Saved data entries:
------------------------------------------------------------
text \<open>Dropping the steps in which the mutant reproduces gives the lower bound.\<close>
lemma ext_by_singleton_Suc_ge:
  fixes n :: nat
  assumes "finite V" "r > 0" "x \<in> V" and no_sink: "\<And>v. v \<in> V \<Longrightarrow> out_nbrs V E v \<noteq> {}"
  defines "p \<equiv> ext_by V E r n {x}" and "N \<equiv> real (card V)"
  shows "ext_by V E r (Suc n) {x}
           \<ge> ((N - 1) * p + temperature V E x * (1 - p)) / (N - 1 + r)"
proof -
  have card_V: "real (card (V - {x})) = N - 1"
    using assms(1,3) card_gt_0_iff[of V] by (auto simp: N_def card_Diff_singleton of_nat_diff)
  have total: "total_fitness V r {x} = N - 1 + r"
    using assms(1,3) card_V by (simp add: total_fitness_def sum.remove fitness_def)
  define F where "F v = fitness r {x} v / (N - 1 + r) * (\<Sum>w\<in>out_nbrs V E v.
      1 / real (card (out_nbrs V E v)) * ext_by V E r n (moran_update {x} v w))" for v
  have split: "ext_by V E r (Suc n) {x} = F x + (\<Sum>v\<in>V - {x}. F v)"
    using assms(1,3) by (simp add: F_def total sum.remove)
  have "N - 1 + r > 0"
    using card_V assms(2) by (metis add_nonneg_pos of_nat_0_le_iff)
  then have "F x \<ge> 0"
    unfolding F_def using ext_by_bounds[OF assms(1,2)] assms(2)
    by (intro mult_nonneg_nonneg sum_nonneg divide_nonneg_nonneg) (auto simp: fitness_def)
  moreover have "(\<Sum>v\<in>V - {x}. F v) = (\<Sum>v\<in>V - {x}. (p + choice_prob V E v x * (1 - p)) / (N - 1 + r))"
    using resident_offspring_sum[OF assms(1) no_sink] by (intro sum.cong) (auto simp: F_def fitness_def p_def)
  moreover have "\<dots> = ((N - 1) * p + temperature V E x * (1 - p)) / (N - 1 + r)"
    by (simp add: sum_divide_distrib[symmetric] sum.distrib sum_distrib_right[symmetric]
        temperature_def card_V)
  ultimately show ?thesis using split by linarith
qed

lemma affine_recurrence_lower_bound:
  fixes p :: "nat \<Rightarrow> real"
  assumes "A \<ge> 0" "d \<ge> 0" "r > 0" "p 0 \<ge> 0"
    and step: "\<And>n. p (Suc n) \<ge> (A * p n + d) / (A + d + r)"
  shows "p n \<ge> d / (d + r) * (1 - (A / (A + d + r)) ^ n)"
proof (induction n)
  case 0
  then show ?case using assms(4) by simp
next
  case (Suc n)
  define c where "c = d / (d + r)"
  define T where "T = A + d + r"
  have T: "T > 0" using assms(1-3) by (simp add: T_def)
  have "(A * (c * (1 - (A / T) ^ n)) + d) / T \<le> (A * p n + d) / T"
    using Suc assms(1) T by (intro divide_right_mono add_right_mono mult_left_mono) (auto simp: c_def T_def)
  also have "\<dots> \<le> p (Suc n)" using step by (simp add: T_def)
  finally have bound: "(A * (c * (1 - (A / T) ^ n)) + d) / T \<le> p (Suc n)" .
  have "(A * (c * (1 - (A / T) ^ n)) + d) / T = (A * c + d) / T - c * (A / T) ^ Suc n"
    using T by (simp add: field_simps)
  also have "c * (d + r) = d" using assms(2,3) by (simp add: c_def)
  then have "(A * c + d) / T = c" using T by (simp add: T_def field_simps)
  finally show ?case using bound by (simp add: c_def T_def right_diff_distrib)
qed

lemma SUP_ge_limit_of_lower_bounds:
  fixes p :: "nat \<Rightarrow> real"
  assumes "bdd_above (range p)" and "\<And>n. p n \<ge> c * (1 - s ^ n)" and "0 \<le> s" "s < 1"
  shows "(SUP n. p n) \<ge> c"
proof (rule LIMSEQ_le_const2)
  have "(\<lambda>n. c * (1 - s ^ n)) \<longlonglongrightarrow> c * (1 - 0)"
    using assms(3,4) by (intro tendsto_intros LIMSEQ_power_zero) auto
  then show "(\<lambda>n. c * (1 - s ^ n)) \<longlonglongrightarrow> c" by simp
  show "\<exists>N. \<forall>n\<ge>N. c * (1 - s ^ n) \<le> (SUP n. p n)"
    using assms(1,2) by (meson cSUP_upper2 UNIV_I)
qed

lemma extinction_prob_singleton_ge:
  assumes "finite V" "r > 0" "x \<in> V" and no_sink: "\<And>v. v \<in> V \<Longrightarrow> out_nbrs V E v \<noteq> {}"
    and "0 \<le> t" "t \<le> temperature V E x"
  shows "extinction_prob V E r {x} \<ge> t / (t + r)"
proof -
  define d where "d = temperature V E x"
  define A where "A = real (card V) - 1 - d"
  define p where "p n = ext_by V E r n {x}" for n
  have A: "A \<ge> 0" using temperature_le[OF assms(1,3) no_sink] by (simp add: A_def d_def)
  have d: "d \<ge> 0" by (simp add: d_def temperature_nonneg)
  have "p n \<ge> d / (d + r) * (1 - (A / (A + d + r)) ^ n)" for n
  proof (rule affine_recurrence_lower_bound[OF A d assms(2)])
    show "0 \<le> p 0" using ext_by_bounds[OF assms(1,2)] by (simp add: p_def)
    show "p (Suc n) \<ge> (A * p n + d) / (A + d + r)" for n
      using ext_by_singleton_Suc_ge[OF assms(1-3) no_sink, of n]
      by (simp add: A_def d_def p_def algebra_simps)
  qed
  moreover have "bdd_above (range p)"
    using ext_by_bounds[OF assms(1,2)] by (intro bdd_aboveI[where M = 1]) (auto simp: p_def)
  ultimately have "(SUP n. p n) \<ge> d / (d + r)"
    using A d assms(2) by (intro SUP_ge_limit_of_lower_bounds[where s = "A / (A + d + r)"]) auto
  moreover have "t / (t + r) \<le> d / (d + r)"
    using assms(2,5,6) by (simp add: divide_simps) (simp add: algebra_simps mult_right_mono d_def)
  ultimately show ?thesis by (simp add: extinction_prob_def p_def)
qed

lemma megastar_V_eq:
  "megastar_V k l m = insert Centre ((\<lambda>(i, j). Res i j) ` ({..<l} \<times> {..<m}) \<union> Feeder ` {..<l}
     \<union> (\<lambda>(i, j). Cliq i j) ` ({..<l} \<times> {..<k}))"
  unfolding megastar_V_def by auto

lemma finite_megastar_V: "finite (megastar_V k l m)"
  unfolding megastar_V_eq by simp

lemma card_megastar_V_le: "card (megastar_V k l m) \<le> 1 + l * m + l + l * k"
proof -
  have "card ((\<lambda>(i, j). Res i j) ` ({..<l} \<times> {..<m})) \<le> l * m"
    by (rule order_trans[OF card_image_le]) auto
  moreover have "card (Feeder ` {..<l}) \<le> l"
    by (rule order_trans[OF card_image_le]) auto
  moreover have "card ((\<lambda>(i, j). Cliq i j) ` ({..<l} \<times> {..<k})) \<le> l * k"
    by (rule order_trans[OF card_image_le]) auto
  ultimately have "card ((\<lambda>(i, j). Res i j) ` ({..<l} \<times> {..<m}) \<union> Feeder ` {..<l}
      \<union> (\<lambda>(i, j). Cliq i j) ` ({..<l} \<times> {..<k})) \<le> l * m + l + l * k"
    by (meson add_mono card_Un_le order_trans)
  then show ?thesis
    unfolding megastar_V_eq by (subst card_insert_disjoint) auto
qed

lemma out_nbrs_Centre:
  "out_nbrs (megastar_V k l m) (megastar_E k l m) Centre = (\<lambda>(i, j). Res i j) ` ({..<l} \<times> {..<m})"
  unfolding out_nbrs_def megastar_V_def megastar_E_def by auto

lemma out_nbrs_Res:
  "i < l \<Longrightarrow> j < m \<Longrightarrow> out_nbrs (megastar_V k l m) (megastar_E k l m) (Res i j) = {Feeder i}"
  unfolding out_nbrs_def megastar_V_def megastar_E_def by auto

lemma out_nbrs_Feeder:
  "i < l \<Longrightarrow> out_nbrs (megastar_V k l m) (megastar_E k l m) (Feeder i) = Cliq i ` {..<k}"
  unfolding out_nbrs_def megastar_V_def megastar_E_def by auto

lemma out_nbrs_Cliq:
  "i < l \<Longrightarrow> j < k \<Longrightarrow> out_nbrs (megastar_V k l m) (megastar_E k l m) (Cliq i j)
     = insert Centre (Cliq i ` ({..<k} - {j}))"
  unfolding out_nbrs_def megastar_V_def megastar_E_def by auto

lemma card_out_nbrs_Feeder:
  "i < l \<Longrightarrow> card (out_nbrs (megastar_V k l m) (megastar_E k l m) (Feeder i)) = k"
  by (simp add: out_nbrs_Feeder card_image inj_on_def)

lemma card_out_nbrs_Cliq:
  assumes "i < l" "j < k"
  shows "card (out_nbrs (megastar_V k l m) (megastar_E k l m) (Cliq i j)) = k"
proof -
  have "card (Cliq i ` ({..<k} - {j})) = k - 1"
    using assms by (simp add: card_image inj_on_def)
  then show ?thesis using assms by (auto simp: out_nbrs_Cliq card_insert_if)
qed

lemma megastar_no_sink:
  assumes "k > 0" "l > 0" "m > 0" "v \<in> megastar_V k l m"
  shows "out_nbrs (megastar_V k l m) (megastar_E k l m) v \<noteq> {}"
proof -
  have "v = Centre \<or> (\<exists>i j. i < l \<and> j < m \<and> v = Res i j) \<or> (\<exists>i. i < l \<and> v = Feeder i)
      \<or> (\<exists>i j. i < l \<and> j < k \<and> v = Cliq i j)"
    using assms(4) by (auto simp: megastar_V_def)
  then show ?thesis
    using assms(1-3) by (auto simp: out_nbrs_Centre out_nbrs_Res out_nbrs_Feeder out_nbrs_Cliq)
qed

lemma choice_prob_Res_Feeder:
  "i < l \<Longrightarrow> j < m \<Longrightarrow> choice_prob (megastar_V k l m) (megastar_E k l m) (Res i j) (Feeder i) = 1"
  by (simp add: choice_prob_def out_nbrs_Res)

lemma choice_prob_Feeder_Cliq:
  "i < l \<Longrightarrow> j < k \<Longrightarrow> choice_prob (megastar_V k l m) (megastar_E k l m) (Feeder i) (Cliq i j) = 1 / k"
  unfolding choice_prob_def card_out_nbrs_Feeder by (simp add: out_nbrs_Feeder)

lemma choice_prob_Cliq_Centre:
  assumes "i < l" "j < k"
  shows "choice_prob (megastar_V k l m) (megastar_E k l m) (Cliq i j) Centre = 1 / k"
  unfolding choice_prob_def card_out_nbrs_Cliq[OF assms] using assms by (simp add: out_nbrs_Cliq)

lemma choice_prob_Cliq_Cliq:
  assumes "i < l" "j < k" "j' < k" "j \<noteq> j'"
  shows "choice_prob (megastar_V k l m) (megastar_E k l m) (Cliq i j) (Cliq i j') = 1 / k"
  unfolding choice_prob_def card_out_nbrs_Cliq[OF assms(1,2)] using assms by (simp add: out_nbrs_Cliq)

lemma temperature_Centre:
  assumes "k > 0"
  shows "temperature (megastar_V k l m) (megastar_E k l m) Centre \<ge> real l"
proof -
  define D where "D = (\<lambda>(i, j). Cliq i j) ` ({..<l} \<times> {..<k})"
  have "card D = l * k" unfolding D_def by (subst card_image) (auto simp: inj_on_def)
  then have "real l = (\<Sum>v\<in>D. 1 / real k)" using assms by simp
  also have "\<dots> = (\<Sum>v\<in>D. choice_prob (megastar_V k l m) (megastar_E k l m) v Centre)"
    by (intro sum.cong) (auto simp: D_def choice_prob_Cliq_Centre)
  also have "\<dots> \<le> temperature (megastar_V k l m) (megastar_E k l m) Centre"
    by (rule temperature_ge_sum[OF finite_megastar_V]) (auto simp: D_def megastar_V_def)
  finally show ?thesis .
qed

lemma temperature_Feeder:
  assumes "i < l"
  shows "temperature (megastar_V k l m) (megastar_E k l m) (Feeder i) \<ge> real m"
proof -
  define D where "D = Res i ` {..<m}"
  have "card D = m" unfolding D_def by (simp add: card_image inj_on_def)
  then have "real m = (\<Sum>v\<in>D. 1)" by simp
  also have "\<dots> = (\<Sum>v\<in>D. choice_prob (megastar_V k l m) (megastar_E k l m) v (Feeder i))"
    using assms by (intro sum.cong) (auto simp: D_def choice_prob_Res_Feeder)
  also have "\<dots> \<le> temperature (megastar_V k l m) (megastar_E k l m) (Feeder i)"
    by (rule temperature_ge_sum[OF finite_megastar_V]) (use assms in \<open>auto simp: D_def megastar_V_def\<close>)
  finally show ?thesis .
qed

lemma temperature_Cliq:
  assumes "i < l" "j < k"
  shows "temperature (megastar_V k l m) (megastar_E k l m) (Cliq i j) \<ge> 1"
proof -
  define D where "D = insert (Feeder i) (Cliq i ` ({..<k} - {j}))"
  have "card D = k"
    using assms unfolding D_def by (auto simp: card_insert_if card_image inj_on_def)
  then have "1 = (\<Sum>v\<in>D. 1 / real k)" using assms by simp
  also have "\<dots> = (\<Sum>v\<in>D. choice_prob (megastar_V k l m) (megastar_E k l m) v (Cliq i j))"
    using assms by (intro sum.cong) (auto simp: D_def choice_prob_Feeder_Cliq intro!: choice_prob_Cliq_Cliq[symmetric])
  also have "\<dots> \<le> temperature (megastar_V k l m) (megastar_E k l m) (Cliq i j)"
    by (rule temperature_ge_sum[OF finite_megastar_V]) (use assms in \<open>auto simp: D_def megastar_V_def\<close>)
  finally show ?thesis .
qed

lemma sum_megastar_V_ge:
  fixes f :: "mvert \<Rightarrow> real"
  assumes "\<And>v. v \<in> megastar_V k l m \<Longrightarrow> f v \<ge> 0"
  shows "f Centre + (\<Sum>i<l. f (Feeder i)) + (\<Sum>i<l. \<Sum>j<k. f (Cliq i j)) \<le> (\<Sum>v\<in>megastar_V k l m. f v)"
proof -
  define F where "F = Feeder ` {..<l}"
  define C where "C = (\<lambda>(i, j). Cliq i j) ` ({..<l} \<times> {..<k})"
  have "(\<Sum>i<l. f (Feeder i)) = sum f F"
    unfolding F_def by (subst sum.reindex) (auto simp: inj_on_def)
  moreover have "(\<Sum>i<l. \<Sum>j<k. f (Cliq i j)) = sum f C"
    unfolding C_def by (subst sum.reindex) (auto simp: inj_on_def sum.cartesian_product split_def)
  moreover have "sum f (insert Centre (F \<union> C)) = f Centre + (sum f F + sum f C)"
    by (subst sum.insert) (auto simp: F_def C_def intro!: sum.union_disjoint)
  moreover have "sum f (insert Centre (F \<union> C)) \<le> (\<Sum>v\<in>megastar_V k l m. f v)"
    using assms finite_megastar_V by (intro sum_mono2) (auto simp: F_def C_def megastar_V_def)
  ultimately show ?thesis by simp
qed

lemma half_inverse_le_ratio:
  fixes r x :: real
  assumes "r > 1" "x \<ge> 1"
  shows "1 / (2 * r) \<le> x / (x + r)"
proof -
  have "(r - 1) * (x - 1) \<ge> 0" using assms by simp
  moreover have "r * x \<ge> 1" using assms mult_mono[of 1 r 1 x] by simp
  ultimately have "x + r \<le> 2 * r * x" by (simp add: algebra_simps)
  then show ?thesis using assms by (simp add: divide_simps mult.commute mult.left_commute)
qed
(* There is an algorithm which, given as input an interpreted automatic structure $(\Gamma,\iota)$ describing a monoid $M$ and a word $w$ over the generators, decides whether $\sigma(w)$ is a unit of $M$ (where $\sigma$ is the interpretation consistent with $\iota$).
   Context: Let $A$ be a finite alphabet, $\$ \notin A$, and let $\delta$ send a pair of words over $A$ to the word over $(A\cup\{\$\})\times(A\cup\{\$\})$ obtained by padding the shorter word on the right with $\$$ and reading both letter by letter. A synchronous automaton recognises a relation $R$ if it accepts exactly $\delta(R)$. A pre-automatic structure $\Gamma$ consists of a finite alphabet $A$, a finite automaton recognising $L\subseteq A^*$, a synchronous automaton recognising $L_=\subseteq L\times L$, and for each $a\in A$ a synchronous automaton recognising $L_a\subseteq L\times L$. An interpretation with respect to a semigroup $S$ is a morphism $\sigma:A^*\to S$ with $\sigma(L)=S$ such that for $u,v\in L$: $(u,v)\in L_=$ iff $\sigma(u)=\sigma(v)$, and $(u,v)\in L_a$ iff $\sigma(ua)=\sigma(v)$. An assignment of generators is a function $\iota:A\to L$ for which there exists an interpretation $\sigma$ with $\sigma(a)=\sigma(\iota(a))$ for all $a\in A$ (such $\sigma$ is consistent with $\iota$). An interpreted automatic structure is a pair $(\Gamma,\iota)$, given as the automata of $\Gamma$ together with the words $\iota(a)$. A unit of a monoid $M$ with identity $1$ is an element $s$ having $t,t'\in M$ with $st=1=t's$. *)

theory Defs
  imports "HOL-Algebra.Group" "HOL-Library.Nat_Bijection"
begin

datatype recf =
    Zr
  | Sc
  | Pj nat
  | Cn recf "recf list"
  | Pr recf recf
  | Mn recf

inductive rec_eval :: "recf \<Rightarrow> nat list \<Rightarrow> nat \<Rightarrow> bool" where
  eval_Zr: "rec_eval Zr xs 0"
| eval_Sc: "rec_eval Sc (x # xs) (Suc x)"
| eval_Pj: "i < length xs \<Longrightarrow> rec_eval (Pj i) xs (xs ! i)"
| eval_Cn: "list_all2 (\<lambda>g y. rec_eval g xs y) gs ys \<Longrightarrow> rec_eval f ys r
             \<Longrightarrow> rec_eval (Cn f gs) xs r"
| eval_Pr0: "rec_eval f xs r \<Longrightarrow> rec_eval (Pr f g) (0 # xs) r"
| eval_PrS: "rec_eval (Pr f g) (n # xs) r0 \<Longrightarrow> rec_eval g (r0 # n # xs) r
             \<Longrightarrow> rec_eval (Pr f g) (Suc n # xs) r"
| eval_Mn: "rec_eval f (n # xs) 0 \<Longrightarrow> (\<forall>m<n. \<exists>r. rec_eval f (m # xs) r \<and> r \<noteq> 0)
             \<Longrightarrow> rec_eval (Mn f) xs n"

fun enc_list :: "nat list \<Rightarrow> nat" where
  "enc_list [] = 0"
| "enc_list (x # xs) = Suc (prod_encode (x, enc_list xs))"

definition enc_opt :: "nat option \<Rightarrow> nat" where
  "enc_opt x = (case x of None \<Rightarrow> 0 | Some a \<Rightarrow> Suc a)"

definition enc_pair_letter :: "nat option \<times> nat option \<Rightarrow> nat" where
  "enc_pair_letter p = prod_encode (enc_opt (fst p), enc_opt (snd p))"

text \<open>A (nondeterministic) finite automaton over letters of type 'l:
  a list of transitions (p, letter, q), a list of initial and a list of final states.\<close>
type_synonym 'l nfa = "(nat \<times> 'l \<times> nat) list \<times> nat list \<times> nat list"

fun reach :: "(nat \<times> 'l \<times> nat) list \<Rightarrow> nat \<Rightarrow> 'l list \<Rightarrow> nat \<Rightarrow> bool" where
  "reach tr p [] q = (p = q)"
| "reach tr p (x # xs) q = (\<exists>p'. (p, x, p') \<in> set tr \<and> reach tr p' xs q)"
------------------------------------------------------------
*Problem to work on*. Tell how many lines of the records above hold "dots", giving the number and nothing else.

*Worked solution*. 8